* **RECORDS FOR THE EXERCISE**:

lemma mat_wrt_equiv:
  assumes w: "mat_wrt (A :: 'a::field mat) E F M" and A: "A \<in> carrier_mat m n"
    and C: "C \<in> carrier_mat m n" and E: "E \<in> carrier_mat n k" and F: "F \<in> carrier_mat m l"
    and S: "S \<in> carrier_mat m m" and R: "R \<in> carrier_mat n n" and eq: "S * A = C * R"
  shows "mat_wrt C (R * E) (S * F) M"
proof -
  have M: "M \<in> carrier_mat l k" using w E F unfolding mat_wrt_def by simp
  have "(S * F) * M = S * (A * E)" using w S F M unfolding mat_wrt_def by simp
  also have "\<dots> = (C * R) * E" using S A E by (simp flip: eq)
  also have "\<dots> = C * (R * E)" using C R E by simp
  finally show ?thesis using M S F R E unfolding mat_wrt_def by simp
qed

lemma mat_image_equiv:
  assumes A: "(A :: 'a::field mat) \<in> carrier_mat m n" and C: "C \<in> carrier_mat m n"
    and S: "S \<in> carrier_mat m m" and R: "R \<in> carrier_mat n n" "invertible_mat R"
    and SA: "S * A = C * R"
  shows "mat_image n C = (\<lambda>y. S *\<^sub>v y) ` mat_image n A"
proof -
  have R_onto: "carrier_vec n = mat_image n R"
    using basis_mat_invertible[OF R] unfolding basis_mat_iff[OF R(1)] by blast
  have "mat_image n C = (\<lambda>x. C *\<^sub>v (R *\<^sub>v x)) ` carrier_vec n"
    by (subst (1) R_onto) (simp add: image_image)
  also have "\<dots> = (\<lambda>x. S *\<^sub>v (A *\<^sub>v x)) ` carrier_vec n"
    using A C S R by (intro image_cong) (simp_all flip: assoc_mult_mat_vec add: SA)
  finally show ?thesis by (simp add: image_image)
qed

lemma preimage_mat_image_equiv:
  assumes A: "(A :: 'a::field mat) \<in> carrier_mat m n" and B: "B \<in> carrier_mat m n"
    and C: "C \<in> carrier_mat m n" and D: "D \<in> carrier_mat m n"
    and S: "S \<in> carrier_mat m m" "invertible_mat S" and R: "R \<in> carrier_mat n n" "invertible_mat R"
    and SA: "S * A = C * R" and SB: "S * B = D * R"
  shows "{y \<in> carrier_vec n. D *\<^sub>v y \<in> mat_image n C}
    = (\<lambda>x. R *\<^sub>v x) ` {x \<in> carrier_vec n. B *\<^sub>v x \<in> mat_image n A}"
proof -
  have R_onto: "carrier_vec n = mat_image n R"
    using basis_mat_invertible[OF R] unfolding basis_mat_iff[OF R(1)] by blast
  have key: "D *\<^sub>v (R *\<^sub>v x) \<in> mat_image n C \<longleftrightarrow> B *\<^sub>v x \<in> mat_image n A" if x: "x \<in> carrier_vec n" for x
  proof -
    have "D *\<^sub>v (R *\<^sub>v x) = S *\<^sub>v (B *\<^sub>v x)" using x B D S R by (simp flip: assoc_mult_mat_vec add: SB)
    moreover have "B *\<^sub>v x \<in> carrier_vec m" "mat_image n A \<subseteq> carrier_vec m" using A B x by auto
    ultimately show ?thesis
      unfolding mat_image_equiv[OF A C S(1) R SA]
      using inj_on_image_mem_iff[OF basis_mat_inj_on[OF basis_mat_invertible[OF S] S(1)]] by simp
  qed
  show ?thesis
  proof (intro equalityI subsetI)
    fix y assume y: "y \<in> {y \<in> carrier_vec n. D *\<^sub>v y \<in> mat_image n C}"
    then obtain x where x: "x \<in> carrier_vec n" and "y = R *\<^sub>v x" using R_onto by blast
    thus "y \<in> (\<lambda>x. R *\<^sub>v x) ` {x \<in> carrier_vec n. B *\<^sub>v x \<in> mat_image n A}"
      using key[OF x] y by blast
  next
    fix y assume "y \<in> (\<lambda>x. R *\<^sub>v x) ` {x \<in> carrier_vec n. B *\<^sub>v x \<in> mat_image n A}"
    then obtain x where x: "x \<in> carrier_vec n" "B *\<^sub>v x \<in> mat_image n A" and "y = R *\<^sub>v x"
      by blast
    thus "y \<in> {y \<in> carrier_vec n. D *\<^sub>v y \<in> mat_image n C}" using key[OF x(1)] R by simp
  qed
qed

* **ABOUT THIS TASK**: Filter the data above by the word "thesis" and copy every line that matches.

* **ANSWER SPACE**:
  finally show ?thesis using M S F R E unfolding mat_wrt_def by simp
  finally show ?thesis by (simp add: image_image)
    ultimately show ?thesis
  show ?thesis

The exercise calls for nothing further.